Это была очень своеобразная война, и иноземцы оказались в ней явно лишними, сыграв отнюдь не умиротворяющую роль, как это изначально планировалось, а явившись невольным катализатором нарастающей напряженности. Несмотря на то, что в ходе боевых действий СССР вовсе не понес поражения, он не мог и выиграть в широкомасштабной повстанческой войне, победа в которой регулярных войск в принципе невозможна.

На личном опыте сотни тысяч советских военнослужащих убедились, что пришли в совершенно чужую страну, оказались в абсолютно непонятной и чуждой социо-культурной среде и выполняли неблагодарную роль, поддерживая своими штыками неадекватное этой среде центральное правительство.

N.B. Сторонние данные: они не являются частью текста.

lemma supp_mix_subset:
  assumes "b \<in> bets" "b' \<in> bets"
  shows "supp (mix a b b') \<subseteq> supp b \<union> supp b'"
proof
  fix \<phi> assume "\<phi> \<in> supp (mix a b b')"
  then have "b \<phi> \<noteq> 0 \<or> b' \<phi> \<noteq> 0" by (auto simp: supp_def mix_def)
  then show "\<phi> \<in> supp b \<union> supp b'" using bet_eq_0_outside_supp assms by blast
qed

lemma mix_same [simp]: "mix a x x = x"
  by (simp add: mix_def algebra_simps)

lemma mix_swap: "mix a x y = mix (1 - a) y x"
  by (simp add: mix_def algebra_simps)

lemma mix_mix_left: "mix a (mix c s q) r = mix c (mix a s r) (mix a q r)"
  by (rule ext) (simp add: mix_def algebra_simps)

definition EU :: "('p form \<Rightarrow> real) \<Rightarrow> 'p bet \<Rightarrow> real" where
  "EU f b = (\<Sum>\<phi>\<in>supp b. b \<phi> * f \<phi>)"

lemma EU_eq_sum_superset:
  assumes "b \<in> bets" "finite S" "supp b \<subseteq> S"
  shows "EU f b = (\<Sum>\<phi>\<in>S. b \<phi> * f \<phi>)"
  unfolding EU_def using assms bet_eq_0_outside_supp[OF assms(1)]
  by (intro sum.mono_neutral_left) auto

lemma EU_one: "b \<in> bets \<Longrightarrow> EU (\<lambda>_. 1) b = 1"
  by (simp add: EU_def sum_supp_bet)

lemma EU_prim [simp]: "EU f (prim \<phi>) = f \<phi>"
  unfolding EU_def supp_prim by (simp add: prim_def)

lemma EU_mix_sum:
  assumes b: "b \<in> bets" and b': "b' \<in> bets"
  defines "S \<equiv> supp b \<union> supp b'"
  shows "(\<Sum>\<phi>\<in>S. mix a b b' \<phi> * f \<phi>) = a * EU f b + (1 - a) * EU f b'"
proof -
  have "finite S" using finite_supp_bet[OF b] finite_supp_bet[OF b'] by (simp add: S_def)
  have "(\<Sum>\<phi>\<in>S. mix a b b' \<phi> * f \<phi>)
      = a * (\<Sum>\<phi>\<in>S. b \<phi> * f \<phi>) + (1 - a) * (\<Sum>\<phi>\<in>S. b' \<phi> * f \<phi>)"
    by (simp add: mix_def sum.distrib sum_distrib_left algebra_simps sum_subtractf)
  also have "\<dots> = a * EU f b + (1 - a) * EU f b'"
    using EU_eq_sum_superset[OF b \<open>finite S\<close>] EU_eq_sum_superset[OF b' \<open>finite S\<close>]
    by (simp add: S_def)
  finally show ?thesis .
qed

lemma mix_in_bets:
  assumes a: "0 \<le> a" "a \<le> 1" and b: "b \<in> bets" and b': "b' \<in> bets"
  shows "mix a b b' \<in> bets"
proof -
  let ?S = "supp b \<union> supp b'"
  have S: "finite ?S" "supp (mix a b b') \<subseteq> ?S"
    using finite_supp_bet[OF b] finite_supp_bet[OF b'] supp_mix_subset[OF b b'] by auto
  have nonneg: "0 \<le> mix a b b' \<phi>" for \<phi>
    using a bet_nonneg[OF b, of \<phi>] bet_nonneg[OF b', of \<phi>] by (simp add: mix_def)
  have le_1: "mix a b b' \<phi> \<le> 1" for \<phi>
    using a bet_le_1[OF b, of \<phi>] bet_le_1[OF b', of \<phi>] convex_bound_le[of "b \<phi>" 1 "b' \<phi>" a "1 - a"]
    by (simp add: mix_def)
  have "sum (mix a b b') (supp (mix a b b')) = sum (mix a b b') ?S"
    using S nonneg by (intro sum.mono_neutral_left) (auto simp: supp_def less_le)
  also have "\<dots> = 1"
    using EU_mix_sum[OF b b', of a "\<lambda>_. 1"] EU_one[OF b] EU_one[OF b'] by simp
  finally show ?thesis
    using nonneg le_1 S by (auto simp: bets_def is_bet_def intro: finite_subset)
qed

lemma EU_mix:
  assumes "0 \<le> a" "a \<le> 1" and b: "b \<in> bets" and b': "b' \<in> bets"
  shows "EU f (mix a b b') = a * EU f b + (1 - a) * EU f b'"
  using EU_eq_sum_superset[OF mix_in_bets[OF assms] _ supp_mix_subset[OF b b']]
    EU_mix_sum[OF b b'] finite_supp_bet[OF b] finite_supp_bet[OF b'] by simp

lemma EU_bounds:
  assumes b: "b \<in> bets" and f: "\<And>\<phi>. 0 \<le> f \<phi> \<and> f \<phi> \<le> 1"
  shows "0 \<le> EU f b" "EU f b \<le> 1"
proof -
  show "0 \<le> EU f b"
    unfolding EU_def using f bet_nonneg[OF b] by (intro sum_nonneg) auto
  have "EU f b \<le> EU (\<lambda>_. 1) b"
    unfolding EU_def using f bet_nonneg[OF b] by (intro sum_mono) (simp add: mult_left_le)
  then show "EU f b \<le> 1" using EU_one[OF b] by simp
qed

lemma bet_decompose:
  assumes b: "b \<in> bets" and supp: "supp b = insert x F" and "x \<notin> F" "F \<noteq> {}"
  obtains p c where "c \<in> bets" "supp c = F" "b = mix p (prim x) c" "0 < p" "p < 1"
proof -
  define p where "p = b x"
  have fin: "finite F" using finite_supp_bet[OF b] supp by simp
  have sum_F: "p + sum b F = 1" using sum_supp_bet[OF b] supp fin \<open>x \<notin> F\<close> by (simp add: p_def)
  have p_pos: "0 < p" using supp by (auto simp: p_def supp_def)
  obtain y where "y \<in> F" using \<open>F \<noteq> {}\<close> by blast
  then have "0 < b y" "b y \<le> sum b F"
    using supp fin bet_nonneg[OF b] by (auto simp: supp_def intro: member_le_sum)
  then have p_lt_1: "p < 1" using sum_F by linarith
  define c where "c = (\<lambda>\<psi>. if \<psi> = x then 0 else b \<psi> / (1 - p))"
  have supp_c: "supp c = F"
    using p_lt_1 supp \<open>x \<notin> F\<close> by (auto simp: supp_def c_def zero_less_divide_iff)
  have "sum c F = sum b F / (1 - p)"
    using \<open>x \<notin> F\<close> by (auto simp: c_def sum_divide_distrib intro!: sum.cong)
  then have sum_c: "sum c F = 1" using sum_F p_lt_1 by simp
  have c_nonneg: "0 \<le> c \<psi>" for \<psi> using bet_nonneg[OF b] p_lt_1 by (simp add: c_def)
  have "c \<psi> \<le> 1" for \<psi>
  proof (cases "\<psi> \<in> F")
    case True
    then show ?thesis using member_le_sum[OF True _ fin, of c] c_nonneg sum_c by simp
  next
    case False
    then show ?thesis using supp_c c_nonneg by (auto simp: supp_def not_less)
  qed
  then have "c \<in> bets" using c_nonneg supp_c fin sum_c by (simp add: bets_def is_bet_def)
  moreover have "b = mix p (prim x) c"
    using p_lt_1 by (auto simp: mix_def prim_def c_def p_def)
  ultimately show ?thesis using that supp_c p_pos p_lt_1 by blast
qed

section \<open>Preferences represented by expected utility\<close>

lemma archimedean_if_EU_represents:
  fixes R :: "'p bet \<Rightarrow> 'p bet \<Rightarrow> bool"
  assumes rep: "\<And>b b'. b \<in> bets \<Longrightarrow> b' \<in> bets \<Longrightarrow> R b b' \<longleftrightarrow> EU f b' \<le> EU f b"
  shows "archimedean R"
  unfolding archimedean_def
proof (intro ballI impI)
  fix b b' b'' :: "'p bet" assume bets: "b \<in> bets" "b' \<in> bets" "b'' \<in> bets"
    and "strict R b b' \<and> strict R b' b''"
  have strict_iff: "strict R c c' \<longleftrightarrow> EU f c' < EU f c" if "c \<in> bets" "c' \<in> bets" for c c'
    using rep[OF that] rep[OF that(2,1)] by (auto simp: strict_def)
  have xy: "EU f b' < EU f b" and yz: "EU f b'' < EU f b'"
    using \<open>strict R b b' \<and> strict R b' b''\<close> bets by (auto simp: strict_iff)
  define q where "q = (EU f b' - EU f b'') / (EU f b - EU f b'')"
  have q: "0 < q" "q < 1" "q * (EU f b - EU f b'') = EU f b' - EU f b''"
    using xy yz by (auto simp: q_def field_simps)
  have EU_mix_bb'': "EU f (mix a b b'') = EU f b'' + a * (EU f b - EU f b'')" if "a \<in> {0<..<1}" for a
    using EU_mix[of a b b'' f] that bets by (simp add: algebra_simps)
  have mix_in: "mix a b b'' \<in> bets" if "a \<in> {0<..<1}" for a
    using that bets by (simp add: mix_in_bets)
  \<comment> \<open>The weight \<open>q\<close> reproduces \<open>EU f b'\<close> exactly; halving the distance to 0 or to 1 gives strict bounds.\<close>
  have in01: "q / 2 \<in> {0<..<1}" "(1 + q) / 2 \<in> {0<..<1}" using q by auto
  have "EU f (mix (q / 2) b b'') < EU f b'"
    using EU_mix_bb''[OF in01(1)] q(3) yz by (simp add: field_simps)
  then have "strict R b' (mix (q / 2) b b'')" using strict_iff[OF bets(2) mix_in] in01 by blast
  moreover have "EU f b' < EU f (mix ((1 + q) / 2) b b'')"
    using EU_mix_bb''[OF in01(2)] q(3) xy by (simp add: field_simps)
  then have "strict R (mix ((1 + q) / 2) b b'') b'" using strict_iff[OF mix_in bets(2)] in01 by blast
  ultimately show "\<exists>\<alpha>\<in>{0<..<1}. \<exists>\<beta>\<in>{0<..<1}. strict R (mix \<alpha> b b'') b' \<and> strict R b' (mix \<beta> b b'')"
    using in01 by blast
qed

lemma independence_if_EU_represents:
  fixes R :: "'p bet \<Rightarrow> 'p bet \<Rightarrow> bool"
  assumes rep: "\<And>b b'. b \<in> bets \<Longrightarrow> b' \<in> bets \<Longrightarrow> R b b' \<longleftrightarrow> EU f b' \<le> EU f b"
  shows "independence R"
  unfolding independence_def
proof (intro ballI impI)
  fix b b' b'' :: "'p bet" and \<alpha> :: real assume bets: "b \<in> bets" "b' \<in> bets" "b'' \<in> bets"
    and \<alpha>: "\<alpha> \<in> {0<..1}" and "strict R b b'"
  then have "EU f b' < EU f b" using rep by (auto simp: strict_def)
  then have "\<alpha> * EU f b' + (1 - \<alpha>) * EU f b'' < \<alpha> * EU f b + (1 - \<alpha>) * EU f b''"
    using \<alpha> by simp
  then show "strict R (mix \<alpha> b b'') (mix \<alpha> b' b'')"
    using \<alpha> bets by (simp add: strict_def rep mix_in_bets EU_mix)
qed

lemma objective_EU_if_EU_represents:
  fixes R :: "'p bet \<Rightarrow> 'p bet \<Rightarrow> bool"
  assumes rep: "\<And>b b'. b \<in> bets \<Longrightarrow> b' \<in> bets \<Longrightarrow> R b b' \<longleftrightarrow> EU f b' \<le> EU f b"
  shows "objective_EU R"
proof -
  have "complete_on_bets R" "transitive_on_bets R"
    unfolding complete_on_bets_def transitive_on_bets_def using rep by force+
  then show ?thesis
    using archimedean_if_EU_represents[OF rep] independence_if_EU_represents[OF rep]
    by (simp add: objective_EU_def)
qed

lemma non_triviality_objective_EU_if_represents:
  assumes model: "subjective_model tT tF \<Omega> t \<Sigma> lk" and "represents t lk R"
  shows "non_triviality tT tF R \<and> objective_EU R"
proof -
  have rep: "R b b' \<longleftrightarrow> EU (lk \<circ> t) b' \<le> EU (lk \<circ> t) b" if "b \<in> bets" "b' \<in> bets" for b b'
    using \<open>represents t lk R\<close> that by (simp add: represents_def EU_def)
  have "t \<phi> \<in> \<Sigma>" for \<phi> using model by (auto simp: subjective_model_def)
  then have "0 \<le> lk (t \<phi>)" "lk (t \<phi>) \<le> 1" "lk (t (Prop tT)) = 1" "lk (t (Prop tF)) = 0" for \<phi>
    using model by (auto simp: subjective_model_def likelihood_appraisal_def truth_valuation_def)
  then have "non_triviality tT tF R"
    by (simp add: non_triviality_def strict_def rep)
  then show ?thesis using objective_EU_if_EU_represents[OF rep] by blast
qed

section \<open>A Lebesgue model\<close>

lemma additive_on_restrict_lborel:
  assumes "\<Omega> \<in> sets lborel" "emeasure lborel \<Omega> < \<infinity>"
  shows "additive_on (sets (restrict_space lborel \<Omega>)) (measure lborel)"
  unfolding additive_on_def
proof (intro ballI impI)
  fix A B assume A: "A \<in> sets (restrict_space lborel \<Omega>)" and B: "B \<in> sets (restrict_space lborel \<Omega>)"
    and "A \<inter> B = {}"
  have fin: "emeasure lborel C \<noteq> \<infinity>" if "C \<in> sets (restrict_space lborel \<Omega>)" for C
    using that assms emeasure_mono[of C \<Omega> lborel]
    by (auto simp: sets_restrict_space_iff top_unique)
  show "measure lborel (A \<union> B) = measure lborel A + measure lborel B"
    using measure_Union[OF fin[OF A] fin[OF B] _ _ \<open>A \<inter> B = {}\<close>] A B assms
    by (auto simp: sets_restrict_space_iff)
qed

lemma likelihood_appraisal_lborel_unit_interval:
  "likelihood_appraisal {0..<1} (sets (restrict_space lborel {0..<1::real})) (measure lborel)"
  unfolding likelihood_appraisal_def
proof (intro conjI ballI)
  fix A assume "A \<in> sets (restrict_space lborel {0..<1::real})"
  then have "measure lborel A \<le> measure lborel {0..<1::real}"
    by (intro measure_mono_fmeasurable) (auto simp: sets_restrict_space_iff fmeasurable_def)
  then show "measure lborel A \<le> 1" by simp
qed auto

lemma additive_rep_if_EU_represents:
  assumes u: "\<And>\<phi>. 0 \<le> u \<phi> \<and> u \<phi> \<le> 1" "u (Prop tT) = 1" "u (Prop tF) = 0"
    and rep: "\<And>b b'. b \<in> bets \<Longrightarrow> b' \<in> bets \<Longrightarrow> R b b' \<longleftrightarrow> EU u b' \<le> EU u b"
  shows "additive_subjective_rep tT tF {0..<1::real} R"
proof -
  let ?\<Sigma> = "sets (restrict_space lborel {0..<1::real})"
  \<comment> \<open>A proposition is true at the states below its utility, so its likelihood is that utility.\<close>
  let ?t = "\<lambda>\<phi>. {0..<u \<phi>}"
  have "algebra {0..<1} ?\<Sigma>"
    using sets.sigma_algebra_axioms[of "restrict_space lborel {0..<1::real}"]
    by (simp add: space_restrict_space sigma_algebra.axioms(1))
  moreover have "truth_valuation tT tF {0..<1} ?t" "range ?t \<subseteq> ?\<Sigma>"
    using u by (auto simp: truth_valuation_def sets_restrict_space_iff)
  moreover have "represents ?t (measure lborel) R"
    using u(1) by (simp add: represents_def rep EU_def)
  ultimately show ?thesis
    using likelihood_appraisal_lborel_unit_interval additive_on_restrict_lborel[of "{0..<1::real}"]
    by (auto simp: additive_subjective_rep_def subjective_model_def)
qed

Фактически это была роль соседа, вмешавшегося в «семейную драку», не уяснив ее сути, да еще пытавшегося учить одну из сторон своим правилам и нормам поведения. Соваться в чужой, да к тому же мусульманский средневековый «монастырь» было делом заведомо проигрышным и безнадежным. Вот только расплачиваться за недальновидность политического руководства пришлось «ограниченному контингенту». И его отнюдь не туристическое знакомство с исламским миром дорого обошлось не только воинам-«афганцам», но и нашей стране в целом.

Итоги этой войны можно рассматривать не как военное, а как политическое поражение, учитывая то, что советское руководство не только вынуждено было по политическим мотивам вывести свои войска из Афганистана, но и допустило грубую стратегическую ошибку, полностью бросив на произвол судьбы своего недавнего союзника — революционное правительство Наджибуллы, имевшего достаточно прочные позиции и нуждавшегося для удержания власти преимущественно в финансовой и материально-технической поддержке. Результатом стало его свержение, развязывание еще более кровавой гражданской войны в Афганистане и рост влияния исламских фундаменталистских сил. Неблагоприятный для СССР исход Афганской войны во многом стал стимулом или косвенным фактором для разжигания внутренних племенных, межэтнических и религиозных конфликтов в пограничных с Афганистаном среднеазиатских республиках, особенно в Таджикистане. В результате центрально-азиатский регион замкнул дугу нестабильности вдоль южных рубежей сначала СССР, а затем и постсоветской России.

* * *

Для российского исторического сознания весьма противоречивой оказалась память об Афганской войне 1979–1989 гг., о которой, пока она шла, в стране почти ничего не знали, а когда она завершилась, начался период острой политической борьбы, трансформации и распада советской системы и государства. Естественно, такое событие как Афганская война не могло не привлечь внимание в качестве аргумента в идеологическом и политическом противоборстве, а потому и в средствах массовой информации был представлен и надолго сохранялся ее почти исключительно негативный образ. Руководство М.С.Горбачева объявило введение войск в Афганистан «политической ошибкой», и в мае 1988 — феврале 1989 гг. был осуществлен их полный вывод. Существенное влияние на отношение к войне оказало неадекватное, но эмоциональное выступление академика А.Д.Сахарова на Первом съезде народных депутатов СССР о том, что будто бы в Афганистане советские летчики расстреливали своих солдат, попавших в окружение, чтобы они не могли сдаться в плен, вызвавшее сначала бурную реакцию зала, а затем резкое неприятие не только самих «афганцев», но и значительной части общества.[738] Однако именно с этого времени — и особенно после Второго съезда народных депутатов, когда было принято Постановление о политической оценке решения о вводе советских войск в Афганистан,[739] — произошло изменение акцентов в средствах массовой информации в освещении Афганской войны: от героизации они перешли не столько к реалистическому анализу, сколько к инверсии оценок и явным перехлестам. Постепенно войну, которая отнюдь не закончилась военным поражением, стали изображать как проигранную. Распространившееся в обществе негативное отношение к самой войне стало переноситься и на ее участников.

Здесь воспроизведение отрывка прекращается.